▶ [DATA FOR THE TASK]
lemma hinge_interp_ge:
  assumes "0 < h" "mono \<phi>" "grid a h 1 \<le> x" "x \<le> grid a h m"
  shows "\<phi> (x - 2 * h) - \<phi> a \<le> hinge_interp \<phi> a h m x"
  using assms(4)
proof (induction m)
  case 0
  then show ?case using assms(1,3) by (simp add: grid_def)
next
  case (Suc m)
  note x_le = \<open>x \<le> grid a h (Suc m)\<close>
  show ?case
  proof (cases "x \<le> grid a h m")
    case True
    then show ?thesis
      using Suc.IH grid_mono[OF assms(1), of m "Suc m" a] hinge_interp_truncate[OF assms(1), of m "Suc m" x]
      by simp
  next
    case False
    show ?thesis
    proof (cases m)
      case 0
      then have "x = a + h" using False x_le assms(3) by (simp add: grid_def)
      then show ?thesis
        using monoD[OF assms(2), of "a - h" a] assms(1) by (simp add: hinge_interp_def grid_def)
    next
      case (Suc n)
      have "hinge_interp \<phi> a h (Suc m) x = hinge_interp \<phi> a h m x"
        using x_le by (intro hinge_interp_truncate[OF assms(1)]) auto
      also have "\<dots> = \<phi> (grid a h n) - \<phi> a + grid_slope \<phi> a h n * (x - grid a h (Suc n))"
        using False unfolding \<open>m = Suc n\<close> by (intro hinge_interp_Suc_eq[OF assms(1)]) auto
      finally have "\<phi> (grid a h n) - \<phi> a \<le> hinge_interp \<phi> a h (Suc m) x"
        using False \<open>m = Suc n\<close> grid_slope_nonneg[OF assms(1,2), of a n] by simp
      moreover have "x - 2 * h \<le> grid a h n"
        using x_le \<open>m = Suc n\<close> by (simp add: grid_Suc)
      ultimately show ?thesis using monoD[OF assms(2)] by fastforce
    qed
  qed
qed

...

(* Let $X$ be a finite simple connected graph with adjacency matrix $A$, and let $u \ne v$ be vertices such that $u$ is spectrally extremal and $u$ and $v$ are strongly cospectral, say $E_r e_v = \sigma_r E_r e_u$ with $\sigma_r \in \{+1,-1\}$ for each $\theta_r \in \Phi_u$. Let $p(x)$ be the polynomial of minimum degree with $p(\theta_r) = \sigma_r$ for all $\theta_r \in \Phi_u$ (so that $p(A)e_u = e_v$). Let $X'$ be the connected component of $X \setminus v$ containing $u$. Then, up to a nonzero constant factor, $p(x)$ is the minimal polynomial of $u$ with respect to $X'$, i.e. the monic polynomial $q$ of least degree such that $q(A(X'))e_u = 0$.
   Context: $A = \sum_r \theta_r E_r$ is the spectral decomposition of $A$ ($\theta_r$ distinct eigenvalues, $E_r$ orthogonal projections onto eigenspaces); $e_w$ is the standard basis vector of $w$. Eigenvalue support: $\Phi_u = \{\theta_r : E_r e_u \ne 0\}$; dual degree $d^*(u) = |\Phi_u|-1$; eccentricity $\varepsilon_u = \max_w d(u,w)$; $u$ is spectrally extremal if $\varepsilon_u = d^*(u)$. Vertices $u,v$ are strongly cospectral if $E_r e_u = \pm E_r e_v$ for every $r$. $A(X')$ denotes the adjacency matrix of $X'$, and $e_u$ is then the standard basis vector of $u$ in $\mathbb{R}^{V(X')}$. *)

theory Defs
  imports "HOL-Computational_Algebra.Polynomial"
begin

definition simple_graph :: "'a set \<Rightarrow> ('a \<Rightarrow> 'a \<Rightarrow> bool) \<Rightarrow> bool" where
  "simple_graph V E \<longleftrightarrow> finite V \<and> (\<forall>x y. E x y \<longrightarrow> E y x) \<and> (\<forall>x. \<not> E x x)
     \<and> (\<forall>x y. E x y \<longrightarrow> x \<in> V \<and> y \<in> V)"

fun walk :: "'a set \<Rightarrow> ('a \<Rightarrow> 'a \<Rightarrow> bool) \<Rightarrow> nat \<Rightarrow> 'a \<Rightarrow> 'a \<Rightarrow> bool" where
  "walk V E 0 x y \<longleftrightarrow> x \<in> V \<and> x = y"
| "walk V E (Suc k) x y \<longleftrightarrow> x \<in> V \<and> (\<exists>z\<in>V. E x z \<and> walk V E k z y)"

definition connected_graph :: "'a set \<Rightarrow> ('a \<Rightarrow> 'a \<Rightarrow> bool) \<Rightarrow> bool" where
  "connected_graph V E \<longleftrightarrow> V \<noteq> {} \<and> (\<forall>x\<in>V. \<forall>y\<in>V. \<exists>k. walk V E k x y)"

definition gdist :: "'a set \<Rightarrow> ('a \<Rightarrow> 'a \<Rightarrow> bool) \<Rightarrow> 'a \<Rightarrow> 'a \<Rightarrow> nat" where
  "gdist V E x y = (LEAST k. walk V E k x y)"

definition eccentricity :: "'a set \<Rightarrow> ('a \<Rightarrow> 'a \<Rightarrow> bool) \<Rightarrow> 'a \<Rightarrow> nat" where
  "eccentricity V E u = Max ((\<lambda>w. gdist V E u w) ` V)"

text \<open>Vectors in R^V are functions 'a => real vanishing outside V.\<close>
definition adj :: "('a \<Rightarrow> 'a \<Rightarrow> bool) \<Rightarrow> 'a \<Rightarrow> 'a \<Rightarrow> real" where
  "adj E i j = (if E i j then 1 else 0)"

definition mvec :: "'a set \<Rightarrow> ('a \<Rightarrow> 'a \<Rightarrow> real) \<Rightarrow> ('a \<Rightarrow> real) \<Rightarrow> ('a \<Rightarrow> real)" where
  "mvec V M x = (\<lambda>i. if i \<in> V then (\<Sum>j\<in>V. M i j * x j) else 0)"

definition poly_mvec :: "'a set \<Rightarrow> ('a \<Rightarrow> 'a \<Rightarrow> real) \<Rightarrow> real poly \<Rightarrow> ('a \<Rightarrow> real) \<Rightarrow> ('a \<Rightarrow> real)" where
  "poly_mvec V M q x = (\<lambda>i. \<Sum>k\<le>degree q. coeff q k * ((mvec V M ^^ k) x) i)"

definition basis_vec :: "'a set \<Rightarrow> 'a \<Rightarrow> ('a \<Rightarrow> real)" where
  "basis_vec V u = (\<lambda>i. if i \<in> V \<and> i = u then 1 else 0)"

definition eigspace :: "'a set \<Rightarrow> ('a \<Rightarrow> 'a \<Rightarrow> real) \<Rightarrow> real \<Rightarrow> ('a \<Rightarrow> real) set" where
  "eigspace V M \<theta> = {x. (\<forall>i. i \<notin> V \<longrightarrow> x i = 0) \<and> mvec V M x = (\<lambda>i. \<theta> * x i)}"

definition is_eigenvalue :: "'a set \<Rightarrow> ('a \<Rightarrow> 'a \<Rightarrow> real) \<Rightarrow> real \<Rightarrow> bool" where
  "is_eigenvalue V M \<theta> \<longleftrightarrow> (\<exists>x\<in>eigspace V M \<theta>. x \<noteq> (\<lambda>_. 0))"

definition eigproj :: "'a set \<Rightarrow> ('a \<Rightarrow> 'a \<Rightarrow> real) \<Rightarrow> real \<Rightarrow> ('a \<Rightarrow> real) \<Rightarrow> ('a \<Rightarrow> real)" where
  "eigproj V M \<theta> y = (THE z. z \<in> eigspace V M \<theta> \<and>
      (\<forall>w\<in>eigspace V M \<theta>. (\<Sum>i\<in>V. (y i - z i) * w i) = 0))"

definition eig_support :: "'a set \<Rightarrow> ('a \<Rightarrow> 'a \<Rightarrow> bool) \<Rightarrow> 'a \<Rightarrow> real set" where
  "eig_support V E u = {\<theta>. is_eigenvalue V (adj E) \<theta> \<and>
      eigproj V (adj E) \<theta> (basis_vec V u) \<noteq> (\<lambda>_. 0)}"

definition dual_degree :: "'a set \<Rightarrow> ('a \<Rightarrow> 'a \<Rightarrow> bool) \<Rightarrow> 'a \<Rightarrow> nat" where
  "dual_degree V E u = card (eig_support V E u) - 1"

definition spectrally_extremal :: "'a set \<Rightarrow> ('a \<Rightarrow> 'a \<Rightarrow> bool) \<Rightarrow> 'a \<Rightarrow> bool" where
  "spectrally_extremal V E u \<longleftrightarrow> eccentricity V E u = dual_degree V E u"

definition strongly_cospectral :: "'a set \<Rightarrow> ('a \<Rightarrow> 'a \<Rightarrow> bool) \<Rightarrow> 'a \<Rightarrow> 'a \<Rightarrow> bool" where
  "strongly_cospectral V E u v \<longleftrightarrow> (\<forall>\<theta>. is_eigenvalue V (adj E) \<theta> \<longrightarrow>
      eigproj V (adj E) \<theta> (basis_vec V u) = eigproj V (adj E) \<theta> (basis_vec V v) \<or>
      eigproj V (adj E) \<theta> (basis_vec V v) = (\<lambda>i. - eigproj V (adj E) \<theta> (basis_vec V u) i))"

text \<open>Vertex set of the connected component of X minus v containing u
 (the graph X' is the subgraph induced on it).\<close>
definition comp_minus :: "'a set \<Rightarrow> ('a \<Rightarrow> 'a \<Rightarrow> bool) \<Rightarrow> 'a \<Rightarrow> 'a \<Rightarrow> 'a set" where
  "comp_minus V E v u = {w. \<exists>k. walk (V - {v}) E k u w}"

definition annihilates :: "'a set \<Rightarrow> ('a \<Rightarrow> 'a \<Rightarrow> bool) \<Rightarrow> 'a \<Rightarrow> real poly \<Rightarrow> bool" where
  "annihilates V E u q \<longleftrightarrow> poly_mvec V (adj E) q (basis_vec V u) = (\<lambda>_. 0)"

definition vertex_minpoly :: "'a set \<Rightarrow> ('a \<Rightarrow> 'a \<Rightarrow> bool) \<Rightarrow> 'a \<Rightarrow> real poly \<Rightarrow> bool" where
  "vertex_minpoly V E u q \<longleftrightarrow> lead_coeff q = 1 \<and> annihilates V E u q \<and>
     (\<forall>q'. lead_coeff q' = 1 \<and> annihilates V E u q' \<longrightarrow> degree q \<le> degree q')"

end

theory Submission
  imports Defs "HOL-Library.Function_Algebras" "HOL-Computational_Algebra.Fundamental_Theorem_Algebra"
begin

---

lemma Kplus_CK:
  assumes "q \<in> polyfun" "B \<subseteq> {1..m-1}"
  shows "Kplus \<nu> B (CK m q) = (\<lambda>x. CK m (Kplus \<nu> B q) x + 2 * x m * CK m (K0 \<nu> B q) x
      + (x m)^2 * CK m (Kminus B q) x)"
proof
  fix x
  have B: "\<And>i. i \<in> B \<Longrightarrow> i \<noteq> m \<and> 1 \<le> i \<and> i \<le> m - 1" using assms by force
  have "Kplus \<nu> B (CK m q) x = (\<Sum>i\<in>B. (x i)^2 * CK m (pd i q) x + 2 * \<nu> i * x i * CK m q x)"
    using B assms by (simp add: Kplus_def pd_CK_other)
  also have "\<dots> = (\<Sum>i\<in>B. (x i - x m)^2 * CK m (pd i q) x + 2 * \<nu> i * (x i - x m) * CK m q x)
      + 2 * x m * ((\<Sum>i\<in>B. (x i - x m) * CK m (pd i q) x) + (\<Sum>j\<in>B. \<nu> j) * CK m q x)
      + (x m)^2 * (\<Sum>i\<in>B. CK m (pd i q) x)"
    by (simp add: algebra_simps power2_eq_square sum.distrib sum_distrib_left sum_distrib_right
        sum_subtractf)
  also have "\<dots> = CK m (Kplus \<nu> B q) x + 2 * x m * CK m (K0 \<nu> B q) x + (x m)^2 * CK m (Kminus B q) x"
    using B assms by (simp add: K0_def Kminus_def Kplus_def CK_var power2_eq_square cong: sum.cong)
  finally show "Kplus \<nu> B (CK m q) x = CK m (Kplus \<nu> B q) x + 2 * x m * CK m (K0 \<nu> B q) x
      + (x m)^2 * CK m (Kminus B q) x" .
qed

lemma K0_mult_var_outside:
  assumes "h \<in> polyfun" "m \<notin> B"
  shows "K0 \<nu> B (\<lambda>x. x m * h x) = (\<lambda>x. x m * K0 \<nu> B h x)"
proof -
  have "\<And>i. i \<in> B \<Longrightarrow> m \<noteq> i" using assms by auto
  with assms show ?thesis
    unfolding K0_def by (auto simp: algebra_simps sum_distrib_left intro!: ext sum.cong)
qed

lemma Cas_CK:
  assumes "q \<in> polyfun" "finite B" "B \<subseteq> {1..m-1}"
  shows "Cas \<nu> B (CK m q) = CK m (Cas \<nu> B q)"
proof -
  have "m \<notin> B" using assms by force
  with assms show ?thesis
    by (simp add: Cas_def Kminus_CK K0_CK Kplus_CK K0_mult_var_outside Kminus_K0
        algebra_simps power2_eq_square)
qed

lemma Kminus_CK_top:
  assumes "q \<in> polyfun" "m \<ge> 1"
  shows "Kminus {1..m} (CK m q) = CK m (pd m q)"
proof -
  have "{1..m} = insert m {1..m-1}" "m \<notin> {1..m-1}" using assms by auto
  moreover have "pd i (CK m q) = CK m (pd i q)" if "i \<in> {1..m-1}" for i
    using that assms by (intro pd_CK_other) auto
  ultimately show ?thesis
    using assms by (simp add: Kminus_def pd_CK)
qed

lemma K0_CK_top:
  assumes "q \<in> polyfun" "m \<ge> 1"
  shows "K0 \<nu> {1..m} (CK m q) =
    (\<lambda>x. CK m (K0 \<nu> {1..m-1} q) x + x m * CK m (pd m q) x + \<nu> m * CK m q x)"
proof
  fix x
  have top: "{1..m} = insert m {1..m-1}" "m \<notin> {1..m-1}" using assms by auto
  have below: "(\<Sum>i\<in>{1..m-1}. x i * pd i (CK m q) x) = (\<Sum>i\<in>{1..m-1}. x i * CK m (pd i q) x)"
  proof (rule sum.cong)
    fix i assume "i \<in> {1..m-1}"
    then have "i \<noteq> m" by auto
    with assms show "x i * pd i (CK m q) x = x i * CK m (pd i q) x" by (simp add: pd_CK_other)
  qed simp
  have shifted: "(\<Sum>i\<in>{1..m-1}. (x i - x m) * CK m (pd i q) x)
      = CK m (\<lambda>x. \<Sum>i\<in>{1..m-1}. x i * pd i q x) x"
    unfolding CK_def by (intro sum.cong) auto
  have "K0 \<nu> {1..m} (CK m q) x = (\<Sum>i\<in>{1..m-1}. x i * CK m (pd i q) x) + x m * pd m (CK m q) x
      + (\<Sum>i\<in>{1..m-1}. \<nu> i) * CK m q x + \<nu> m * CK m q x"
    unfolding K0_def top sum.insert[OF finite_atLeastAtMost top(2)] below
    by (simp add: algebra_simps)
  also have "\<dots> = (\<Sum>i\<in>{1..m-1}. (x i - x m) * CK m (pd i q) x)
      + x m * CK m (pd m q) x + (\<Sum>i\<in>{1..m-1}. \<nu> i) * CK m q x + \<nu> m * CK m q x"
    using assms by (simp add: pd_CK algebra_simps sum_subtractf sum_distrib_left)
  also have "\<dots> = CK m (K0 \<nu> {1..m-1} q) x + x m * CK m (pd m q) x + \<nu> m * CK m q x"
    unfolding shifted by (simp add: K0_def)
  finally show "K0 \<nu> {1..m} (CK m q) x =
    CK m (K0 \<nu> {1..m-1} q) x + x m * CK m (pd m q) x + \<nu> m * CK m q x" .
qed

▶ [AIM OF THE TASK] In the listing, find every line with the word "auto" and return it.

▶ [TASK ANSWER]
        using x_le by (intro hinge_interp_truncate[OF assms(1)]) auto
        using False unfolding \<open>m = Suc n\<close> by (intro hinge_interp_Suc_eq[OF assms(1)]) auto
  have "\<And>i. i \<in> B \<Longrightarrow> m \<noteq> i" using assms by auto
    unfolding K0_def by (auto simp: algebra_simps sum_distrib_left intro!: ext sum.cong)
  have "{1..m} = insert m {1..m-1}" "m \<notin> {1..m-1}" using assms by auto
    using that assms by (intro pd_CK_other) auto
  have top: "{1..m} = insert m {1..m-1}" "m \<notin> {1..m-1}" using assms by auto
    then have "i \<noteq> m" by auto
    unfolding CK_def by (intro sum.cong) auto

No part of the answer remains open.